**Your task:** Find the line with "qed (use assms dihedral_mult_assoc in auto)" in the entries below. Repeat it, every following line, and the line with "using t by (rule", exactly and with nothing added.

**Data under study:**
lemma int_dihedral_index:
  assumes "j \<le> n"
  shows "int ((if s then i + n - j else i + j) mod n) = (int i + (if s then - int j else int j)) mod int n"
proof (cases s)
  case True
  have "int ((i + n - j) mod n) = ((int i - int j) + int n) mod int n"
    using assms by (simp add: zmod_int of_nat_diff algebra_simps)
  also have "\<dots> = (int i - int j) mod int n"
    by (rule mod_add_self2)
  finally show ?thesis
    using True by simp
qed (simp add: zmod_int)

lemma dihedral_mult_assoc:
  assumes "n > 0"
    and "x \<in> carrier (dihedral n)" "y \<in> carrier (dihedral n)" "z \<in> carrier (dihedral n)"
  shows "x \<otimes>\<^bsub>dihedral n\<^esub> y \<otimes>\<^bsub>dihedral n\<^esub> z = x \<otimes>\<^bsub>dihedral n\<^esub> (y \<otimes>\<^bsub>dihedral n\<^esub> z)"
proof -
  obtain i s j t k u where xyz: "x = (i, s)" "y = (j, t)" "z = (k, u)"
    by (cases x; cases y; cases z)
  then have jk: "j \<le> n" "k \<le> n"
    using assms by auto
  define a where "a = (if s then i + n - j else i + j) mod n"
  define b where "b = (if t then j + n - k else j + k) mod n"
  have ab: "a \<le> n" "b \<le> n"
    using assms unfolding a_def b_def by (simp_all add: less_imp_le)
  \<comment> \<open>compare integer representatives, where reduction modulo \<open>n\<close> commutes with signed sums\<close>
  have "int ((if s \<noteq> t then a + n - k else a + k) mod n) = int ((if s then i + n - b else i + b) mod n)"
    unfolding int_dihedral_index[OF jk(2)] int_dihedral_index[OF ab(2)]
    unfolding a_def b_def int_dihedral_index[OF jk(1)] int_dihedral_index[OF jk(2)]
    by (cases s; cases t; simp add: mod_simps algebra_simps)
  then show ?thesis
    unfolding xyz dihedral_mult a_def[symmetric] b_def[symmetric] by auto
qed

lemma group_dihedral:
  assumes "n > 0"
  shows "group (dihedral n)"
proof (rule groupI)
  fix x y assume "x \<in> carrier (dihedral n)" "y \<in> carrier (dihedral n)"
  then show "x \<otimes>\<^bsub>dihedral n\<^esub> y \<in> carrier (dihedral n)"
    using assms by (cases x; cases y; simp add: dihedral_mult)
next
  show "\<one>\<^bsub>dihedral n\<^esub> \<in> carrier (dihedral n)"
    using assms by (simp add: dihedral_one)
next
  fix x assume "x \<in> carrier (dihedral n)"
  then show "\<one>\<^bsub>dihedral n\<^esub> \<otimes>\<^bsub>dihedral n\<^esub> x = x"
    by (cases x; simp add: dihedral_mult dihedral_one)
next
  fix x assume x: "x \<in> carrier (dihedral n)"
  obtain i s where xe: "x = (i, s)" by (cases x)
  show "\<exists>y\<in>carrier (dihedral n). y \<otimes>\<^bsub>dihedral n\<^esub> x = \<one>\<^bsub>dihedral n\<^esub>"
  proof (cases s)
    case True
    then show ?thesis
      using x xe by (intro bexI[of _ "(i, True)"]) (auto simp: dihedral_mult dihedral_one)
  next
    case False
    have "((n - i) mod n + i) mod n = 0"
      using x xe by (simp add: mod_add_left_eq)
    then show ?thesis
      using False x xe assms
      by (intro bexI[of _ "((n - i) mod n, False)"]) (auto simp: dihedral_mult dihedral_one)
  qed
qed (use assms dihedral_mult_assoc in auto)

context
  fixes n :: nat
  assumes n_pos: "n > 0"
begin
lemma act_seq_act_seq_eq_infsum:
  assumes gg: "\<And>p q. norm (\<gamma> p q) \<le> Cg * Rg^(p+q) * fact q" and Cg: "0 \<le> Cg" and Rg: "1 \<le> Rg"
    and gd: "\<And>p q. norm (\<delta> p q) \<le> Cd * Rd^(p+q) * fact q" and Cd: "0 \<le> Cd" and Rd: "1 \<le> Rd"
    and w: "norm w \<le> 1 / (8 * Rg * Rd)"
  shows "act_seq w \<gamma> (\<lambda>m. act_seq w \<delta> u m) n
       = infsum (assoc_term \<gamma> \<delta> w u n) ((UNIV \<times> UNIV) \<times> ({..n} \<times> {..n} \<times> {..n}))"
proof -
  define box where "box = {..n} \<times> {..n} \<times> {..n}"
  define c where "c p r = (\<Sum>y\<in>box. assoc_term \<gamma> \<delta> w u n ((p, r), y))" for p r
  have t: "assoc_term \<gamma> \<delta> w u n summable_on (UNIV \<times> UNIV) \<times> box"
    unfolding box_def by (rule assoc_term_summable[OF gg Cg Rg gd Cd Rd w])
  have "4 * Rd \<le> 8 * Rg * Rd"
    by (rule mult_right_mono) (use Rg Rd in auto)
  then have "1 / (8 * Rg * Rd) \<le> 1 / (4 * Rd)"
    using Rg Rd by (intro divide_left_mono) auto
  then have w_small: "norm w \<le> 1 / (4 * Rd)"
    using w by linarith
  have "act_seq w \<gamma> (\<lambda>m. act_seq w \<delta> u m) n = (\<Sum>p. \<Sum>r. c p r)"
    unfolding act_seq_def[of w \<gamma>] c_def box_def
    by (subst sum_ab_seq_act_seq) (auto intro: act_seq_summable[OF gd Cd Rd w_small])
  also have "\<dots> = infsum (\<lambda>(p, r). c p r) UNIV"
  proof (rule suminf_suminf_eq_infsum)
    have "(\<lambda>x. infsum (\<lambda>y. assoc_term \<gamma> \<delta> w u n (x, y)) box) summable_on UNIV \<times> UNIV"
      using t by (rule summable_on_SigmaD) (simp add: box_def)
    then show "(\<lambda>(p, r). c p r) summable_on UNIV"
      by (simp add: c_def box_def case_prod_unfold)
  qed
  also have "\<dots> = infsum (assoc_term \<gamma> \<delta> w u n) ((UNIV \<times> UNIV) \<times> box)"
    using infsum_Sigma_banach[OF t] by (simp add: c_def box_def case_prod_unfold)
  finally show ?thesis unfolding box_def .
qed

lemma act_seq_amul:
  assumes gg: "\<And>p q. norm (\<gamma> p q) \<le> Cg * Rg^(p+q) * fact q" and Cg: "0 \<le> Cg" and Rg: "1 \<le> Rg"
    and gd: "\<And>p q. norm (\<delta> p q) \<le> Cd * Rd^(p+q) * fact q" and Cd: "0 \<le> Cd" and Rd: "1 \<le> Rd"
    and w: "norm w \<le> 1 / (8 * Rg * Rd)"
  shows "act_seq w (amul \<gamma> \<delta>) u n = act_seq w \<gamma> (\<lambda>m. act_seq w \<delta> u m) n"
  using act_seq_amul_eq_infsum[OF assoc_term_summable[OF assms]] act_seq_act_seq_eq_infsum[OF assms]
  by simp

section \<open>Holomorphy and continuity of the new coefficients\<close>

text \<open>Grouping the series over p by the power of w that multiplies u (n - k - q) produces the
  power series coeff_series \<gamma> q k, convergent for |w| < 1/(4R).\<close>
definition coeff_series :: "(nat \<Rightarrow> nat \<Rightarrow> complex) \<Rightarrow> nat \<Rightarrow> nat \<Rightarrow> complex \<Rightarrow> complex" where
  "coeff_series \<gamma> q k w = (\<Sum>j. (\<gamma> (j + k) q * of_nat ((j + k) choose k)) * w^j)"

lemma coeff_series_sums:
  assumes g: "\<And>p q. norm (\<gamma> p q) \<le> C * R^(p+q) * fact q" and C: "0 \<le> C" and R: "1 \<le> R"
    and w: "norm w \<le> 1 / (4 * R)"
  shows "(\<lambda>p. \<gamma> p q * of_nat (p choose k) * w^(p-k)) sums coeff_series \<gamma> q k w"
proof -
  define \<rho> where "\<rho> = 1 / (4 * R)"
  have \<rho>0: "0 < \<rho>" and \<rho>R: "2 * \<rho> * R < 1" using R by (simp_all add: \<rho>_def)
  define G where "G = (\<lambda>p. \<gamma> p q * of_nat (p choose k) * w^(p-k))"
  have G: "summable G"
  proof (rule summable_comparison_test'[where N = 0])
    show "summable (\<lambda>p. (C * R^q * fact q / \<rho>^k) * (2*\<rho>*R)^p)"
      using \<rho>R \<rho>0 R by (intro summable_mult summable_geometric) auto
    fix p
    show "norm (G p) \<le> (C * R^q * fact q / \<rho>^k) * (2*\<rho>*R)^p"
    proof (cases "k \<le> p")
      case True
      have "norm (G p) = norm (\<gamma> p q) * real (p choose k) * norm w ^ (p - k)"
        by (simp add: G_def norm_mult norm_power)
      also have "\<dots> \<le> (C * R^(p+q) * fact q) * 2^p * \<rho>^(p - k)"
        using w \<rho>0 C R by (intro mult_mono power_mono g) (auto simp: \<rho>_def binomial_le_pow2)
      also have "\<rho>^(p - k) = \<rho>^p / \<rho>^k" using True \<rho>0 by (simp add: power_diff)
      also have "(C * R^(p+q) * fact q) * 2^p * (\<rho>^p / \<rho>^k) = (C * R^q * fact q / \<rho>^k) * (2*\<rho>*R)^p"
        by (simp add: power_add power_mult_distrib field_simps)
      finally show ?thesis .
    next
      case False
      then show ?thesis using C R \<rho>0 by (simp add: G_def binomial_eq_0)
    qed
  qed
  have "suminf G = (\<Sum>j. G (j + k)) + (\<Sum>i<k. G i)"
    by (rule suminf_split_initial_segment[OF G])
  also have "(\<Sum>i<k. G i) = 0" by (rule sum.neutral) (auto simp: G_def binomial_eq_0)
  finally have "suminf G = coeff_series \<gamma> q k w" by (simp add: G_def coeff_series_def)
  with summable_sums[OF G] show ?thesis unfolding G_def by simp
qed

lemma coeff_series_field_differentiable:
  assumes g: "\<And>p q. norm (\<gamma> p q) \<le> C * R^(p+q) * fact q" and C: "0 \<le> C" and R: "1 \<le> R"
    and w: "norm w < 1 / (4 * R)"
  shows "coeff_series \<gamma> q k field_differentiable at w"
proof -
  define c where "c j = \<gamma> (j + k) q * of_nat ((j + k) choose k)" for j
  define K :: complex where "K = of_real (1 / (4 * R))"
  have nK: "norm K = 1 / (4 * R)" unfolding K_def norm_of_real using R by simp
  have sm: "summable (\<lambda>j. c j * K^j)"
  proof (rule summable_comparison_test'[where N = 0])
    show "summable (\<lambda>j. (C * R^(k+q) * fact q * 2^k) * (1/2::real)^j)"
      by (intro summable_mult summable_geometric) auto
    fix j
    have "norm (c j * K^j) = norm (\<gamma> (j + k) q) * real ((j + k) choose k) * (1 / (4 * R))^j"
      by (simp add: c_def nK norm_mult norm_power)
    also have "\<dots> \<le> (C * R^(j + k + q) * fact q) * 2^(j+k) * (1 / (4 * R))^j"
      using C R by (intro mult_mono g) (auto simp: binomial_le_pow2)
    also have "\<dots> = (C * R^(k+q) * fact q * 2^k) * (1/2::real)^j"
    proof -
      have "(2::real)^j * 2^j = 4^j" by (simp add: power_mult_distrib[symmetric])
      then show ?thesis using R by (simp add: power_add power_mult_distrib field_simps)
    qed
    finally show "norm (c j * K^j) \<le> (C * R^(k+q) * fact q * 2^k) * (1/2::real)^j" .
  qed
  have "norm w < norm K" using w by (simp add: nK)
  from termdiffs_strong[OF sm this] show ?thesis
    unfolding field_differentiable_def coeff_series_def c_def[symmetric] by blast
qed

definition expansion_weight :: "nat \<Rightarrow> nat \<Rightarrow> nat \<Rightarrow> (nat \<Rightarrow> complex) \<Rightarrow> complex" where
  "expansion_weight n q k u = of_nat (ffact_pred n k) * (if q + k \<le> n then u (n - k - q) else 0)"

lemma act_seq_eq_expansion:
  assumes g: "\<And>p q. norm (\<gamma> p q) \<le> C * R^(p+q) * fact q" and C: "0 \<le> C" and R: "1 \<le> R"
    and w: "norm w \<le> 1 / (4 * R)"
  shows "act_seq w \<gamma> u n = (\<Sum>q\<le>n. \<Sum>k\<le>n. expansion_weight n q k u * coeff_series \<gamma> q k w)"
proof -
  define G where "G q k p = \<gamma> p q * of_nat (p choose k) * w^(p-k)" for q k p
  have G: "G q k sums coeff_series \<gamma> q k w" for q k
    unfolding G_def by (rule coeff_series_sums[OF g C R w])
  have "(\<Sum>q\<le>n. \<gamma> p q * ab_seq w p q u n) = (\<Sum>q\<le>n. \<Sum>k\<le>n. expansion_weight n q k u * G q k p)" for p
  proof (rule sum.cong[OF refl])
    fix q
    have ab: "ab_seq w p q u n = (\<Sum>k\<le>n. ab_coeff w p q n k * u (n - k - q))"
      unfolding ab_seq_eq_sum by (rule sum_atMost_eq_sum_atMost) (auto simp: ab_coeff_def)
    show "\<gamma> p q * ab_seq w p q u n = (\<Sum>k\<le>n. expansion_weight n q k u * G q k p)"
      unfolding ab sum_distrib_left
      by (intro sum.cong refl) (auto simp: expansion_weight_def G_def ab_coeff_def)
  qed
  then have "act_seq w \<gamma> u n = (\<Sum>p. \<Sum>q\<le>n. \<Sum>k\<le>n. expansion_weight n q k u * G q k p)"
    unfolding act_seq_def by simp
  also have "\<dots> = (\<Sum>q\<le>n. \<Sum>p. \<Sum>k\<le>n. expansion_weight n q k u * G q k p)"
    using G by (intro suminf_sum summable_sum summable_mult sums_summable)
  also have "\<dots> = (\<Sum>q\<le>n. \<Sum>k\<le>n. \<Sum>p. expansion_weight n q k u * G q k p)"
    using G by (intro sum.cong refl suminf_sum summable_mult sums_summable)
  also have "\<dots> = (\<Sum>q\<le>n. \<Sum>k\<le>n. expansion_weight n q k u * coeff_series \<gamma> q k w)"
    by (intro sum.cong refl) (simp add: suminf_mult[OF sums_summable[OF G]] sums_unique[OF G, symmetric])
  finally show ?thesis .
qed

definition act_expansion :: "('a \<Rightarrow> complex) \<Rightarrow> (nat \<Rightarrow> nat \<Rightarrow> complex) \<Rightarrow> (nat \<Rightarrow> 'a \<Rightarrow> complex) \<Rightarrow> nat \<Rightarrow> 'a \<Rightarrow> complex" where
  "act_expansion f \<gamma> g n x = (\<Sum>q\<le>n. \<Sum>k\<le>n. expansion_weight n q k (\<lambda>m. g m x) * coeff_series \<gamma> q k (f x))"

lemma act_eq_act_expansion:
  assumes g: "\<And>p q. norm (\<gamma> p q) \<le> C * R^(p+q) * fact q" and C: "0 \<le> C" and R: "1 \<le> R"
    and fx: "norm (f x) \<le> 1 / (4 * R)"
  shows "act f \<gamma> g n x = act_expansion f \<gamma> g n x"
  unfolding act_eq_act_seq act_expansion_def by (rule act_seq_eq_expansion[OF g C R fx])

lemma cholo_const: "cholo (\<lambda>z. c) S"
  unfolding cholo_def by (auto intro!: exI[of _ "\<lambda>v. 0"])

lemma cholo_add:
  assumes "cholo f S" "cholo g S"
  shows "cholo (\<lambda>z. f z + g z) S"
  unfolding cholo_def
proof
  fix z assume "z \<in> S"
  then obtain L1 L2 where L1: "(f has_derivative L1) (at z)" "\<forall>c v. L1 (c *s v) = c * L1 v"
    and L2: "(g has_derivative L2) (at z)" "\<forall>c v. L2 (c *s v) = c * L2 v"
    using assms unfolding cholo_def by meson
  show "\<exists>L. ((\<lambda>z. f z + g z) has_derivative L) (at z) \<and> (\<forall>c v. L (c *s v) = c * L v)"
    using has_derivative_add[OF L1(1) L2(1)] L1(2) L2(2) by (auto simp: algebra_simps)
qed

lemma cholo_mult:
  assumes "cholo f S" "cholo g S"
  shows "cholo (\<lambda>z. f z * g z) S"
  unfolding cholo_def
proof
  fix z assume "z \<in> S"
  then obtain L1 L2 where L1: "(f has_derivative L1) (at z)" "\<forall>c v. L1 (c *s v) = c * L1 v"
    and L2: "(g has_derivative L2) (at z)" "\<forall>c v. L2 (c *s v) = c * L2 v"
    using assms unfolding cholo_def by meson
  show "\<exists>L. ((\<lambda>z. f z * g z) has_derivative L) (at z) \<and> (\<forall>c v. L (c *s v) = c * L v)"
    using has_derivative_mult[OF L1(1) L2(1)] L1(2) L2(2) by (auto simp: algebra_simps)
qed

lemma cholo_sum: "finite I \<Longrightarrow> (\<And>i. i \<in> I \<Longrightarrow> cholo (f i) S) \<Longrightarrow> cholo (\<lambda>z. \<Sum>i\<in>I. f i z) S"
  by (induction I rule: finite_induct) (simp_all add: cholo_const cholo_add)

lemma cholo_compose_field_differentiable:
  assumes h: "cholo h S" and F: "\<And>z. z \<in> S \<Longrightarrow> F field_differentiable at (h z)"
  shows "cholo (\<lambda>z. F (h z)) S"
  unfolding cholo_def
proof
  fix z assume z: "z \<in> S"
  obtain L where L: "(h has_derivative L) (at z)" "\<forall>c v. L (c *s v) = c * L v"
    using h z unfolding cholo_def by blast
  obtain D where D: "(F has_field_derivative D) (at (h z))"
    using F[OF z] unfolding field_differentiable_def by blast
  have "((F \<circ> h) has_derivative ((*) D \<circ> L)) (at z)"
    by (rule diff_chain_at[OF L(1)]) (use D in \<open>simp add: has_field_derivative_def\<close>)
  then show "\<exists>L. ((\<lambda>z. F (h z)) has_derivative L) (at z) \<and> (\<forall>c v. L (c *s v) = c * L v)"
    using L(2) by (intro exI[of _ "(*) D \<circ> L"]) (auto simp: o_def algebra_simps)
qed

**Output:**
qed (use assms dihedral_mult_assoc in auto)

context
  fixes n :: nat
  assumes n_pos: "n > 0"
begin
lemma act_seq_act_seq_eq_infsum:
  assumes gg: "\<And>p q. norm (\<gamma> p q) \<le> Cg * Rg^(p+q) * fact q" and Cg: "0 \<le> Cg" and Rg: "1 \<le> Rg"
    and gd: "\<And>p q. norm (\<delta> p q) \<le> Cd * Rd^(p+q) * fact q" and Cd: "0 \<le> Cd" and Rd: "1 \<le> Rd"
    and w: "norm w \<le> 1 / (8 * Rg * Rd)"
  shows "act_seq w \<gamma> (\<lambda>m. act_seq w \<delta> u m) n
       = infsum (assoc_term \<gamma> \<delta> w u n) ((UNIV \<times> UNIV) \<times> ({..n} \<times> {..n} \<times> {..n}))"
proof -
  define box where "box = {..n} \<times> {..n} \<times> {..n}"
  define c where "c p r = (\<Sum>y\<in>box. assoc_term \<gamma> \<delta> w u n ((p, r), y))" for p r
  have t: "assoc_term \<gamma> \<delta> w u n summable_on (UNIV \<times> UNIV) \<times> box"
    unfolding box_def by (rule assoc_term_summable[OF gg Cg Rg gd Cd Rd w])
  have "4 * Rd \<le> 8 * Rg * Rd"
    by (rule mult_right_mono) (use Rg Rd in auto)
  then have "1 / (8 * Rg * Rd) \<le> 1 / (4 * Rd)"
    using Rg Rd by (intro divide_left_mono) auto
  then have w_small: "norm w \<le> 1 / (4 * Rd)"
    using w by linarith
  have "act_seq w \<gamma> (\<lambda>m. act_seq w \<delta> u m) n = (\<Sum>p. \<Sum>r. c p r)"
    unfolding act_seq_def[of w \<gamma>] c_def box_def
    by (subst sum_ab_seq_act_seq) (auto intro: act_seq_summable[OF gd Cd Rd w_small])
  also have "\<dots> = infsum (\<lambda>(p, r). c p r) UNIV"
  proof (rule suminf_suminf_eq_infsum)
    have "(\<lambda>x. infsum (\<lambda>y. assoc_term \<gamma> \<delta> w u n (x, y)) box) summable_on UNIV \<times> UNIV"
      using t by (rule summable_on_SigmaD) (simp add: box_def)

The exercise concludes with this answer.